Note: DOM = Document Object Model 

### Traversing simple HTML's DOM Tree

In our example, the structure is as followed:

```
html
+-- head
|   +-- title
|   +-- meta
|   +-- meta
|   +-- style
+-- body
    +-- div
    |   +-- h1
    |   +-- p
    |       +-- b
    +-- div
    |   +-- a
    |   +-- a
    |   +-- a
    |   +-- a
    +-- div
    |   +--div
    |   |   +-- h2
    |   |   +-- h5
    |   |   +-- ...
    |   +--div
    |       +-- h2
    |       +-- h5
    |       +-- ...
    +-- div
        +-- h2
```

In [None]:
# title is a tag of one of the element node in the example.
# we can refer to the node by using the tag name
type(soup.title)

In [None]:
soup.head.style

In [None]:
# we can get tag of a node with 'name'
soup.title.name

In [None]:
# we can get outerHTML by converting node to string
str(soup.title)

In [None]:
# we can get innerHTML with 'string'
soup.title.string

In [None]:
# we can get id with 'id' (it is empty in this example)
soup.title.id

In [None]:
# getting the parent node with 'parent'
soup.title.parent.name

In [None]:
# referring to children
soup.title.children

# Intro to Beautiful Soup: Build a Web Scraper With Python

![](https://realpython.com/cdn-cgi/image/width=960,format=auto/https://files.realpython.com/media/Build-a-Web-Scraper-With-Requests-and-Beautiful-Soup_Watermarked.37918fb3906c.jpg)
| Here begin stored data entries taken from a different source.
lemma u_lam_dual_lam:
  assumes "set l \<subseteq> {1..n}"
  shows "u_lam n (dual_lam n l) = wordfin n (u_word n l)"
proof -
  have "foldr (\<circ>) (map (u_k n) (map (\<lambda>k. n + 1 - k) l)) id = wordfin n (u_word n l)"
    using assms
  proof (induction l)
    case (Cons m l)
    then have "u_k n (n + 1 - m) = wordfin n [m..<n + 1]" by (simp add: u_k_def)
    then show ?case using Cons by (simp add: wordfin_append)
  qed simp
  then show ?thesis unfolding u_lam_def dual_lam_def by (simp add: rev_map)
qed

lemma set_u_word: "set l \<subseteq> {1..n} \<Longrightarrow> set (u_word n l) \<subseteq> {1..n}"
  by (induction l) auto

lemma length_u_word:
  "\<lbrakk>set l \<subseteq> {1..n}; distinct l\<rbrakk> \<Longrightarrow> length (u_word n l) = card (set l) + (\<Sum>k\<in>set l. n - k)"
  by (induction l) (auto simp: Suc_diff_le)

lemma wordfin_upt_Suc_last_apply:
  assumes "1 \<le> m" "m \<le> n"
  shows "wordfin n [m..<n + 1] y t =
    (if t = m then - y n else if m < t \<and> t \<le> n then y (t - 1) else y t)"
proof -
  have "[m..<n + 1] = [m..<n] @ [n]" using assms by simp
  then have "wordfin n [m..<n + 1] y t = wordfin n [m..<n] (y(n := - y n)) t"
    by (simp add: wordfin_append sfin_apply_last)
  then show ?thesis unfolding wordfin_upt_apply[OF assms order_refl] using assms by auto
qed

lemma wordfin_u_word_ones:
  "\<lbrakk>sorted_wrt (>) l; set l \<subseteq> {1..n}\<rbrakk> \<Longrightarrow> wordfin n (u_word n l) (ones n) = sign_vec n (set l)"
proof (induction l)
  case Nil
  then show ?case by (auto simp: ones_def sign_vec_def fun_eq_iff)
next
  case (Cons m l)
  have m: "1 \<le> m" "m \<le> n" and less: "\<forall>x\<in>set l. x < m" using Cons.prems by auto
  have "wordfin n (u_word n (m # l)) (ones n) = wordfin n [m..<n + 1] (sign_vec n (set l))"
    using Cons by (simp add: wordfin_append)
  also have "\<dots> = sign_vec n (set (m # l))"
    unfolding fun_eq_iff wordfin_upt_Suc_last_apply[OF m] using m less
    by (auto simp: sign_vec_def)
  finally show ?case .
qed
(* Let $a,c\in\mathbb{R}$, $b\in(\max\{a,0\},\infty)$, $h\in\mathbb{N}$, $v=(v_1,\dots,v_h)\in\mathbb{R}^h$, $f\in C^1(\mathbb{R},\mathbb{R})$, $p\in C(\mathbb{R},\mathbb{R})$ satisfy for all $x\in\mathbb{R}$ that $f'(x)>0=f(a)$ and $p^{-1}(\mathbb{R}\setminus\{0\})=(a,b)$, with $\mathcal{N}^\theta$, $\mathcal{L}$, $\mathcal{G}$ as in the context. Assume for all $x\in\mathbb{R}$ that $p(x)\ge0$, let $H=\{1,\dots,h\}$, assume $\min_{j\in H}v_j>0$, let $\theta=(\theta_1,\dots,\theta_h)\in\mathcal{G}^{-1}(\{0\})$, and assume that $\theta$ is not a descending critical point of $\mathcal{L}$. Then for all $j\in H$ with $a<\theta_j<b$ and $\mathcal{N}^\theta(\theta_j)<f(\theta_j)$ it holds that $\{i\in H\setminus\{j\}\colon\theta_i=\theta_j\}=\emptyset$.
   Context: For $\theta=(\theta_1,\dots,\theta_h)\in\mathbb{R}^h$ let $\mathcal{N}^\theta(x)=c+\sum_{j=1}^hv_j\max\{x-\theta_j,0\}$ for $x\in\mathbb{R}$, let $\mathcal{L}(\theta)=\int_{\mathbb{R}}(\mathcal{N}^\theta(x)-f(x))^2p(x)\,\mathrm{d}x$, and let $\mathcal{G}\colon\mathbb{R}^h\to\mathbb{R}^h$ satisfy $\mathcal{G}(\theta)=-(\nabla\mathcal{L})(\theta)$ at every $\theta$ at which $\mathcal{L}$ is differentiable (in this setting $\mathcal{L}\in C^2(\mathbb{R}^h,\mathbb{R})$). For $n\in\mathbb{N}$ and $F\in C^2(\mathbb{R}^n,\mathbb{R})$, a point $x\in\mathbb{R}^n$ is a descending critical point of $F$ if $(\nabla F)(x)=0$ and there exists $u\in\mathbb{R}^n$ with $\langle u,((\operatorname{Hess}F)(x))u\rangle<0$. *)

theory Defs
  imports "HOL-Analysis.Analysis"
begin

text \<open>Shallow ReLU network with one hidden layer; parameters indexed by the finite type 'n,
  so H = UNIV and h = CARD('n).\<close>
definition NN :: "real \<Rightarrow> real^'n \<Rightarrow> real^'n \<Rightarrow> real \<Rightarrow> real" where
  "NN c v \<theta> x = c + (\<Sum>j\<in>UNIV. v$j * max (x - \<theta>$j) 0)"

definition lossL :: "real \<Rightarrow> real^'n \<Rightarrow> (real \<Rightarrow> real) \<Rightarrow> (real \<Rightarrow> real) \<Rightarrow> real^'n \<Rightarrow> real" where
  "lossL c v f p \<theta> = integral UNIV (\<lambda>x. (NN c v \<theta> x - f x)^2 * p x)"

definition partial :: "'n \<Rightarrow> (real^'n \<Rightarrow> real) \<Rightarrow> real^'n \<Rightarrow> real" where
  "partial i F x = deriv (\<lambda>t. F (x + t *\<^sub>R axis i 1)) 0"

definition grad :: "(real^'n \<Rightarrow> real) \<Rightarrow> real^'n \<Rightarrow> real^'n" where
  "grad F x = (\<chi> i. partial i F x)"

definition Hess :: "(real^'n \<Rightarrow> real) \<Rightarrow> real^'n \<Rightarrow> real^'n^'n" where
  "Hess F x = (\<chi> i j. partial i (partial j F) x)"

definition descending_critical_point :: "(real^'n \<Rightarrow> real) \<Rightarrow> real^'n \<Rightarrow> bool" where
  "descending_critical_point F x \<longleftrightarrow>
     grad F x = 0 \<and> (\<exists>u. u \<bullet> (Hess F x *v u) < 0)"
(* Let $t\in[n]$. If $S\subseteq N$ is $t$-switchable, then $P^{\langle t\rangle}_S$ contains $\mathcal{I}^{\langle t\rangle}$.
   Context: Fix positive integers $n, r_1,\dots,r_n$, let $N=[r_1]\times\cdots\times[r_n]$, and let $R$ be the polynomial ring over a field in the variables $x_a$, $a\in N$. For $a,b\in N$ and $i\in[n]$, ${\rm s}(i,a,b)\in N$ has $i$-th component $b_i$ and other components equal to those of $a$. Let $d(a,b)=\#\{j: a_j\neq b_j\}$ and $f_{i,a,b}=x_ax_b-x_{{\rm s}(i,a,b)}x_{{\rm s}(i,b,a)}$. Let $\mathcal{I}^{\langle t\rangle}=(f_{i,a,b}: a,b\in N,\ d(a,b)=2,\ i\in[t])$. A subset $S\subseteq N$ is $t$-switchable if for all $a,b\in S$ with $d(a,b)=2$ and all $i\in[t]$, ${\rm s}(i,a,b)\in S$. Elements $a,b\in S$ are connected in $S$ if there are $a_0=a,\dots,a_k=b$ in $S$ with $d(a_{j-1},a_j)\le 1$ for all $j$. For $t$-switchable $S$: $\tilde{\mathcal{I}}^{\langle t\rangle}_S=(f_{i,a,b}: i\in[t],\ a,b \text{ connected in } S)$, $\mathrm{Var}^{\langle t\rangle}_S=(x_a: a\notin S)$, $P^{\langle t\rangle}_S=\mathrm{Var}^{\langle t\rangle}_S+\tilde{\mathcal{I}}^{\langle t\rangle}_S$. *)

theory Defs
  imports Main "HOL-Library.Poly_Mapping"
begin

text \<open>Points of N = [r_1] x ... x [r_n] are lists a of length n; the i-th
  component (i in {1..n}) is a ! (i - 1).\<close>

definition cube :: "nat \<Rightarrow> (nat \<Rightarrow> nat) \<Rightarrow> nat list set" where
  "cube n r = {a. length a = n \<and> (\<forall>i\<in>{1..n}. a ! (i - 1) \<in> {1..r i})}"

definition sw :: "nat \<Rightarrow> nat list \<Rightarrow> nat list \<Rightarrow> nat list" where
  "sw i a b = a[i - 1 := b ! (i - 1)]"

definition dst :: "nat list \<Rightarrow> nat list \<Rightarrow> nat" where
  "dst a b = card {j. j < length a \<and> a ! j \<noteq> b ! j}"

text \<open>Multivariate polynomials over 'k in the variables x_a (a a nat list).\<close>
type_synonym 'k mpoly = "(nat list \<Rightarrow>\<^sub>0 nat) \<Rightarrow>\<^sub>0 'k"

definition var :: "nat list \<Rightarrow> 'k::field mpoly" where
  "var a = Poly_Mapping.single (Poly_Mapping.single a 1) 1"

text \<open>The polynomial ring R = k[x_a : a in N], as the set of polynomials
  involving only the variables indexed by N.\<close>
definition polyring :: "nat list set \<Rightarrow> 'k::field mpoly set" where
  "polyring N = {p. \<forall>m\<in>Poly_Mapping.keys p. Poly_Mapping.keys m \<subseteq> N}"

definition ideal_gen :: "'k::field mpoly set \<Rightarrow> 'k mpoly set \<Rightarrow> 'k mpoly set" where
  "ideal_gen R G = {x. \<exists>F c. finite F \<and> F \<subseteq> G \<and> (\<forall>g\<in>F. c g \<in> R) \<and> x = (\<Sum>g\<in>F. c g * g)}"

definition fpol :: "nat \<Rightarrow> nat list \<Rightarrow> nat list \<Rightarrow> 'k::field mpoly" where
  "fpol i a b = var a * var b - var (sw i a b) * var (sw i b a)"

definition I_t :: "nat \<Rightarrow> (nat \<Rightarrow> nat) \<Rightarrow> nat \<Rightarrow> 'k::field mpoly set" where
  "I_t n r t = ideal_gen (polyring (cube n r))
     {fpol i a b | i a b. a \<in> cube n r \<and> b \<in> cube n r \<and> dst a b = 2 \<and> i \<in> {1..t}}"

definition switchable :: "nat \<Rightarrow> nat list set \<Rightarrow> bool" where
  "switchable t S \<longleftrightarrow> (\<forall>a\<in>S. \<forall>b\<in>S. dst a b = 2 \<longrightarrow> (\<forall>i\<in>{1..t}. sw i a b \<in> S))"

definition connected_in :: "nat list set \<Rightarrow> nat list \<Rightarrow> nat list \<Rightarrow> bool" where
  "connected_in S a b \<longleftrightarrow> a \<in> S \<and> b \<in> S \<and>
     (\<lambda>x y. x \<in> S \<and> y \<in> S \<and> dst x y \<le> 1)\<^sup>*\<^sup>* a b"

definition Itilde :: "nat \<Rightarrow> (nat \<Rightarrow> nat) \<Rightarrow> nat \<Rightarrow> nat list set \<Rightarrow> 'k::field mpoly set" where
  "Itilde n r t S = ideal_gen (polyring (cube n r))
     {fpol i a b | i a b. i \<in> {1..t} \<and> connected_in S a b}"

definition VarS :: "nat \<Rightarrow> (nat \<Rightarrow> nat) \<Rightarrow> nat list set \<Rightarrow> 'k::field mpoly set" where
  "VarS n r S = ideal_gen (polyring (cube n r)) {var a | a. a \<in> cube n r \<and> a \<notin> S}"
theorem proposition2p3:
  fixes T :: "'b set" and f :: "'b \<Rightarrow> 'a::banach \<Rightarrow> ereal" and U :: "'a set"
  assumes "T \<noteq> {}"
    and "\<forall>t\<in>T. \<forall>x. f t x \<noteq> -\<infinity>"
    and "\<forall>t\<in>T. lsc_wrt weak_topology (f t)"
    and "(\<forall>t\<in>T. \<forall>x. 0 \<le> f t x) \<or> finite T"
    and "compactin weak_topology U"
  shows "uniformly_lsc_on U T f"
  unfolding uniformly_lsc_on_def
proof (rule dense_le)
  obtain t0 where "t0 \<in> T" using assms(1) by blast
  fix y assume "y < (INF x\<in>U. upper_sum T f x)"
  then obtain c where c: "y < ereal c" "ereal c < (INF x\<in>U. upper_sum T f x)"
    using ereal_dense2 by blast
  have "\<exists>S. finite S \<and> S \<subseteq> T \<and> (finite T \<longrightarrow> S = T) \<and> ereal c < (\<Sum>t\<in>S. f t x)" if "x \<in> U" for x
  proof -
    have "ereal c < upper_sum T f x"
      using c(2) that by (meson INF_lower less_le_trans)
    then show ?thesis
      by (rule less_upper_sumE) blast
  qed
  then have "ereal c \<le> uniform_inf U T f"
    by (rule weakly_compact_uniform_inf_lower_bound[OF assms(5) \<open>t0 \<in> T\<close> assms(3,2,4)])
  with c(1) show "y \<le> uniform_inf U T f"
    by simp
qed

end
text \<open>initial solution (characterised by minimal invariance: id = lub of the approximations)\<close>
definition is_initial_solution :: "'a set \<Rightarrow> ('d::order \<Rightarrow> ('a \<Rightarrow> 'd set \<times> 'd set)) \<Rightarrow> bool" where
  "is_initial_solution Act i \<longleftrightarrow> finite Act \<and> bifinite TYPE('d) \<and> is_solution Act i \<and>
     (\<forall>x. is_lub (range (\<lambda>n. approx Act i n x)) x)"

datatype (acts: 'a) hml = TT | Neg "'a hml" | Dia 'a "'a hml" | Conj "'a hml" "'a hml"

datatype mode = May | Must  \<comment> \<open>May = a (admissible), Must = c (compulsory)\<close>

fun dual :: "mode \<Rightarrow> mode" where
  "dual May = Must" | "dual Must = May"

definition trans :: "('d \<Rightarrow> ('a \<Rightarrow> 'd set \<times> 'd set)) \<Rightarrow> mode \<Rightarrow> 'd \<Rightarrow> 'a \<Rightarrow> 'd \<Rightarrow> bool" where
  "trans i m d \<alpha> d' \<longleftrightarrow> (case m of May \<Rightarrow> d' \<in> fst (i d \<alpha>) | Must \<Rightarrow> d' \<in> snd (i d \<alpha>))"

fun sat :: "('d \<Rightarrow> ('a \<Rightarrow> 'd set \<times> 'd set)) \<Rightarrow> mode \<Rightarrow> 'd \<Rightarrow> 'a hml \<Rightarrow> bool" where
  "sat i m d TT = True"
| "sat i m d (Neg \<phi>) = (\<not> sat i (dual m) d \<phi>)"
| "sat i m d (Dia \<alpha> \<phi>) = (\<exists>d'. trans i m d \<alpha> d' \<and> sat i m d' \<phi>)"
| "sat i m d (Conj \<phi> \<psi>) = (sat i m d \<phi> \<and> sat i m d \<psi>)"

definition maximal :: "'d::order \<Rightarrow> bool" where
  "maximal d \<longleftrightarrow> (\<forall>y. d \<le> y \<longrightarrow> y = d)"

end

theory Submission
  imports Defs
begin

(* Admissible satisfaction is upward closed and compulsory satisfaction downward closed in the
   order of D, and admissible truth implies compulsory truth.  So if d <= y, every formula
   admissibly true at y is compulsorily true at y, hence compulsorily true at d, hence (by the
   hypothesis) admissibly true at d.  On the other hand each approximation pi_n(y) has a
   characteristic formula, whose admissible models are exactly the elements above pi_n(y); it is
   built by induction on n from the finitely many characteristic formulas of the values of
   pi_(n-1), using that Act is finite.  Thus pi_n(y) <= d for all n, and y = lub pi_n(y) <= d. *)

fun conj_list :: "'a hml list \<Rightarrow> 'a hml" where
  "conj_list [] = TT"
| "conj_list (\<phi> # \<phi>s) = Conj \<phi> (conj_list \<phi>s)"

lemma sat_conj_list: "sat i m x (conj_list \<phi>s) \<longleftrightarrow> (\<forall>\<phi>\<in>set \<phi>s. sat i m x \<phi>)"
  by (induction \<phi>s) auto

lemma acts_conj_list: "acts (conj_list \<phi>s) = (\<Union>\<phi>\<in>set \<phi>s. acts \<phi>)"
  by (induction \<phi>s) auto

definition Big_Conj :: "'a hml set \<Rightarrow> 'a hml" where
  "Big_Conj \<Phi> = conj_list (SOME \<phi>s. set \<phi>s = \<Phi>)"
Credit: https://realpython.com/beautiful-soup-web-scraper-python/

In [None]:
import requests
from bs4 import BeautifulSoup

URL = "https://realpython.github.io/fake-jobs/"
page = requests.get(URL)

soup = BeautifulSoup(page.content, "html.parser")

results = soup.find(id="ResultsContainer")

job_elements = results.find_all("div", class_="card-content")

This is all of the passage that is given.